The reason I couldn’t imagine someone not familiar with this oh-so-basic fact is that I learned it at age six from a singing cowboy.

But these aren’t theorems about the numbers, exactly.  They’re theorems about numbers and the numbers’ digits.  The distinction is important because numbers themselves are pretty fundamental, while the digits are a consequence of the base of the numeral system you’re using.  We use base ten, which is where these theorems hold.  They clearly fail in base three, for example, where we can write $three = 10$.  Consequently, this quick-factoring trick is one little gem of knowledge unknown to the ancient Pythagoreans or modern Canadians.

Note that three goes into 9, to 99, to 999, etc.  So take a number with some digits in it, say 5832.  (The great thing about being a math dabbler rather than a math student is that proofs by example, which are totally easy, don’t bother you one bit).

$\frac{5832}{3} = \frac{5*1000}{3} + \frac{8*100}{3} + \frac{3*10}{3} + \frac{2}{3}$

Now we’ll write 1000 as 999+1, and pull the same trick for the other powers of ten.  Then break up the fractions using $\frac{a+b}{c} = \frac{a}{c} + \frac{b}{c}$.

$\frac{5832}{3} = \frac{5*999}{3} + \frac{5*1}{3} + \frac{8*99}{3} + \frac{8}{3} + \frac{3*9}{3} + \frac{3}{3} + \frac{2}{3}$

Since we only care whether this gives an integer, we can drop all those ones with the 9, 99, 999 etc. in the numerator.  They cleary do give integers.  This leaves us to evaluate whether

$\frac{5}{3} + \frac{8}{3} + \frac{3}{3} + \frac{2}{3} = \frac{5+8+3+2}{3}$

is an integer.   So to test whether a number is divisible by three, add its digits.  Likewise for nine, since nine also divides 9, 99, 999…

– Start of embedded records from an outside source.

(* Assume that there exists a generalized Sierpinski set. Then there exists a nonprincipal filter on $\omega$ which is meager but not Lebesgue measurable (as a subset of $2^\omega$).
   Context: For a regular uncountable cardinal $\kappa$, a set $S\subseteq 2^\omega$ of size $\kappa$ is a generalized Sierpinski set (of size $\kappa$) if $|S\cap H|<\kappa$ for every measure zero set $H\subseteq 2^\omega$. A filter on $\omega$ is identified with the set of characteristic functions of its elements, a subset of $2^\omega$, which carries the product topology and the standard product (Lebesgue) measure. *)

theory Defs
  imports "HOL-Analysis.Analysis" "HOL-Probability.Probability"
begin

definition cantor_top :: "(nat \<Rightarrow> bool) topology" where
  "cantor_top = product_topology (\<lambda>_. discrete_topology (UNIV :: bool set)) UNIV"

text \<open>Standard product (fair coin) measure on 2^omega and its completion (Lebesgue measure).\<close>
definition cantor_measure :: "(nat \<Rightarrow> bool) measure" where
  "cantor_measure = PiM UNIV (\<lambda>_. measure_pmf (bernoulli_pmf (1/2)))"

definition lebesgue_measurable_cantor :: "(nat \<Rightarrow> bool) set \<Rightarrow> bool" where
  "lebesgue_measurable_cantor A \<longleftrightarrow> A \<in> sets (completion cantor_measure)"

definition measure_zero_cantor :: "(nat \<Rightarrow> bool) set \<Rightarrow> bool" where
  "measure_zero_cantor H \<longleftrightarrow> H \<in> null_sets (completion cantor_measure)"

definition nowhere_dense_in :: "'a topology \<Rightarrow> 'a set \<Rightarrow> bool" where
  "nowhere_dense_in X A \<longleftrightarrow> A \<subseteq> topspace X \<and> X interior_of (X closure_of A) = {}"

definition meager_in :: "'a topology \<Rightarrow> 'a set \<Rightarrow> bool" where
  "meager_in X A \<longleftrightarrow> (\<exists>\<F>. countable \<F> \<and> (\<forall>N\<in>\<F>. nowhere_dense_in X N) \<and> A \<subseteq> \<Union>\<F>)"

definition generalized_Sierpinski_set :: "(nat \<Rightarrow> bool) set \<Rightarrow> bool" where
  "generalized_Sierpinski_set S \<longleftrightarrow>
     uncountable S \<and> regularCard (card_of S) \<and>
     (\<forall>H. measure_zero_cantor H \<longrightarrow> (card_of (S \<inter> H), card_of S) \<in> ordLess)"

definition filter_on_nat :: "nat set set \<Rightarrow> bool" where
  "filter_on_nat F \<longleftrightarrow> UNIV \<in> F \<and> {} \<notin> F \<and>
     (\<forall>A B. A \<in> F \<longrightarrow> A \<subseteq> B \<longrightarrow> B \<in> F) \<and>
     (\<forall>A B. A \<in> F \<longrightarrow> B \<in> F \<longrightarrow> A \<inter> B \<in> F)"

definition principal_filter_on_nat :: "nat set set \<Rightarrow> bool" where
  "principal_filter_on_nat F \<longleftrightarrow> (\<exists>A. F = {B. A \<subseteq> B})"

text \<open>A filter identified with the set of characteristic functions of its elements.\<close>
definition char_set :: "nat set set \<Rightarrow> (nat \<Rightarrow> bool) set" where
  "char_set F = (\<lambda>A n. n \<in> A) ` F"

end

theory Submission
  imports Defs "HOL-Library.Countable_Set_Type"
begin

(* Let S be a generalized Sierpinski set of size kappa. Call w \<subseteq> omega thick if
   sum_n (1 - 2^-j)^|w \<inter> I_n| < \<infinity> for every j, where I_n = [2^n, 2^(n+1)). By Zorn's lemma
   there is a maximal X \<subseteq> S all of whose finite intersections are thick. Such an X lies in no
   null set: otherwise |X| < kappa, and since for a thick w almost every x keeps w \<inter> x thick,
   the points of S spoiling some finite intersection of X lie in fewer than kappa null sets;
   by regularity of kappa they do not exhaust S, so X could be extended.
   Let F be the filter generated by X and the cofinite sets. Every member of F contains a thick
   set minus a finite set, so it meets almost every I_n, which makes F meager.
   F is invariant under finite modifications and disjoint from its image under complementation;
   by Kolmogorov's zero-one law a measurable such set is null, yet F contains X. *)

unbundle cardinal_syntax

section \<open>Coin tossing and coordinate flips\<close>

abbreviation coin :: "bool measure" where
  "coin \<equiv> measure_pmf (bernoulli_pmf (1/2))"

lemma cantor_measure_eq: "cantor_measure = PiM UNIV (\<lambda>_. coin)"
  by (simp add: cantor_measure_def)

lemma prob_space_cantor_measure: "prob_space cantor_measure"
  unfolding cantor_measure_def by (intro prob_space_PiM prob_space_measure_pmf)

lemma space_cantor_measure [simp]: "space cantor_measure = UNIV"
  by (simp add: cantor_measure_eq space_PiM)

lemma measurable_cantor_coordinate [measurable]:
  "(\<lambda>x. x i) \<in> measurable cantor_measure (count_space UNIV)"
  unfolding cantor_measure_def by measurable

lemma distr_cantor_measure_coordinate: "distr cantor_measure coin (\<lambda>x. x i) = coin"
  unfolding cantor_measure_eq by (subst distr_PiM_component) (auto intro: prob_space_measure_pmf)

lemma indep_vars_cantor_coordinates:
  "prob_space.indep_vars cantor_measure (\<lambda>_. coin) (\<lambda>i x. x i) UNIV"
proof -
  interpret prob_space cantor_measure by (rule prob_space_cantor_measure)
  have "distr cantor_measure (PiM UNIV (\<lambda>_. coin)) (\<lambda>x. \<lambda>i\<in>UNIV. x i) = cantor_measure"
    by (simp add: restrict_UNIV distr_id flip: cantor_measure_eq)
  also have "\<dots> = PiM UNIV (\<lambda>i. distr cantor_measure coin (\<lambda>x. x i))"
    unfolding distr_cantor_measure_coordinate by (rule cantor_measure_eq)
  finally show ?thesis
    by (subst indep_vars_iff_distr_eq_PiM) auto
qed

lemma measurable_into_coin: "measurable M coin = measurable M (count_space UNIV)"
  by (rule measurable_cong_sets) auto

definition flip_at :: "nat set \<Rightarrow> (nat \<Rightarrow> bool) \<Rightarrow> nat \<Rightarrow> bool" where
  "flip_at E x i = (x i \<noteq> (i \<in> E))"

lemma measurable_flip_at_coordinate:
  "(\<lambda>x. flip_at E x i) \<in> measurable cantor_measure (count_space UNIV)"
  unfolding flip_at_def
  by (rule measurable_compose[OF measurable_cantor_coordinate measurable_count_space])

lemma flip_at_flip_at: "flip_at E (flip_at E' x) = flip_at ((E - E') \<union> (E' - E)) x"
  by (auto simp: flip_at_def fun_eq_iff)

lemma flip_at_empty [simp]: "flip_at {} x = x"
  by (simp add: flip_at_def fun_eq_iff)

lemma flip_at_idem [simp]: "flip_at E (flip_at E x) = x"
  by (auto simp: flip_at_def fun_eq_iff)

lemma measurable_flip_at: "flip_at E \<in> measurable cantor_measure cantor_measure"
  unfolding cantor_measure_eq
  by (rule measurable_PiM_single')
    (auto simp: space_PiM measurable_into_coin measurable_flip_at_coordinate[unfolded cantor_measure_eq])

lemma distr_coin_Not: "distr coin coin Not = coin"
proof (rule measure_eqI)
  fix A :: "bool set"
  have "Not -` A = Not ` A"
    by force
  then have "emeasure coin (Not -` A) = emeasure coin A"
    by (simp add: emeasure_measure_pmf_finite card_image inj_on_def)
  then show "emeasure (distr coin coin Not) A = emeasure coin A"
    by (subst emeasure_distr) auto
qed simp

lemma distr_flip_at: "distr cantor_measure cantor_measure (flip_at E) = cantor_measure"
proof -
  interpret prob_space cantor_measure by (rule prob_space_cantor_measure)
  have "indep_vars (\<lambda>_. coin) (\<lambda>i x. flip_at E x i) UNIV"
    unfolding flip_at_def by (rule indep_vars_compose2[OF indep_vars_cantor_coordinates]) simp
  with measurable_flip_at_coordinate
  have "distr cantor_measure (PiM UNIV (\<lambda>_. coin)) (\<lambda>x. \<lambda>i\<in>UNIV. flip_at E x i)
      = PiM UNIV (\<lambda>i. distr cantor_measure coin (\<lambda>x. flip_at E x i))"
    by (subst (asm) indep_vars_iff_distr_eq_PiM) (auto simp: measurable_into_coin)
  moreover have "distr cantor_measure coin (\<lambda>x. flip_at E x i) = coin" for i
  proof (cases "i \<in> E")
    case True
    have "distr cantor_measure coin (\<lambda>x. flip_at E x i)
        = distr (distr cantor_measure coin (\<lambda>x. x i)) coin Not"
      using True by (subst distr_distr) (auto simp: comp_def flip_at_def measurable_into_coin)
    then show ?thesis
      by (simp add: distr_cantor_measure_coordinate distr_coin_Not)
  qed (simp add: flip_at_def distr_cantor_measure_coordinate)
  ultimately show ?thesis
    by (simp add: restrict_UNIV flip: cantor_measure_eq)
qed

lemma emeasure_flip_at_vimage:
  assumes "A \<in> sets cantor_measure"
  shows "emeasure cantor_measure (flip_at E -` A) = emeasure cantor_measure A"
  using emeasure_distr[OF measurable_flip_at assms, of E] by (simp add: distr_flip_at)

lemma power_card_Int_eq_prod:
  fixes d :: "'a :: comm_monoid_mult"
  assumes "finite A"
  shows "d ^ card (A \<inter> {i. x i}) = (\<Prod>i\<in>A. if x i then d else 1)"
  using assms by (simp add: prod.If_cases)

lemma nn_integral_cantor_coordinate_if:
  fixes d :: real
  assumes "0 \<le> d"
  shows "(\<integral>\<^sup>+x. ennreal (if x i then d else 1) \<partial>cantor_measure) = ennreal ((1 + d) / 2)"
proof -
  have "(\<integral>\<^sup>+x. ennreal (if x i then d else 1) \<partial>cantor_measure)
      = (\<integral>\<^sup>+b. ennreal (if b then d else 1) \<partial>distr cantor_measure coin (\<lambda>x. x i))"
    by (subst nn_integral_distr) (auto simp: measurable_into_coin)
  also have "\<dots> = ennreal d * ennreal (1/2) + ennreal 1 * ennreal (1 - 1/2)"
    using assms by (simp add: distr_cantor_measure_coordinate nn_integral_bernoulli_pmf)
  also have "\<dots> = ennreal (d * (1/2) + 1 * (1 - 1/2))"
    using assms by (simp only: ennreal_plus ennreal_mult mult_nonneg_nonneg)
  also have "\<dots> = ennreal ((1 + d) / 2)"
    by (simp add: field_simps)
  finally show ?thesis .
qed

What got me looking at this was that my student, curious young mathematician that he is, asked if the same holds true for 27.  We can say right off the bat that because every multiple of 27 is also a multiple of nine, the digits of a multiple of 27 must sum to a multple of nine.  However, there is no requirement that the multiple of nine they sum to is 27.  For example, 54 is a multiple of 27, but its digits sum to 9.  2727 is a multiple of 27 (27*101), but its digits sum to 18.

But does a one-way version of the theorem still hold?  If the digits of a number sum to 27, is that number divisible by 27?  The first such number you’ll run into is 999 = 27 * 37.  I tried six or seven other examples.  They all worked.  So I set out to prove it and was running into trouble.  But the nice thing was that although I couldn’t prove it, my attempt to find a proof showed me an easy way to find a counterexample.  I won’t go into the details, but you can go searching for yourself.  Here’s a hint: $\frac{818172}{27} = 30302 \frac{2}{3}$.

Higher powers of three are an obvious generalization.

If you followed the proof closely, then two things:

• wtf?  it’s not like it’s your homework or something.  or like i know what i’m talking about
• you can find similar properties in base n

In base 7, for example. a number’s digits will sum to a multiple of six if and only if the number is itself a multiple of six.  For example, in base 7

$213 = 2*7^2 + 1*7 + 3 = 2*(7^2 - 1) + 1*(7-1) + 2 + 1 + 3$

So all the same stuff will work as long as 6 goes evenly into $7-1, 7^2-1, 7^3-1,...$  It does, because $\frac{7^5 - 1}{6} = \frac{66666}{6} = 11111$ in base 7.  So if you want to see whether $p$ divides $q$ evenly, you could always just convert $q$ to base $p+1$ and add the digits.  However this is quite a bit more work than just doing the straight up division problem.

Also note that the reason the theorem works for three is that it goes evenly into nine. In base 13 the trick works for 12, 6, 4, 3, and 2. And on a practical note, in hexadecimal it works for f (which is what you use for 15), 5, and 3. Hexadecimal is actually quite nice for factoring, because in addition to easy rules for those numbers, you also have easy rules for 2, 4, and 8 – you can just check the last digit of the number the same way you can to see if something is a multiple of 2 or 5 in base 10.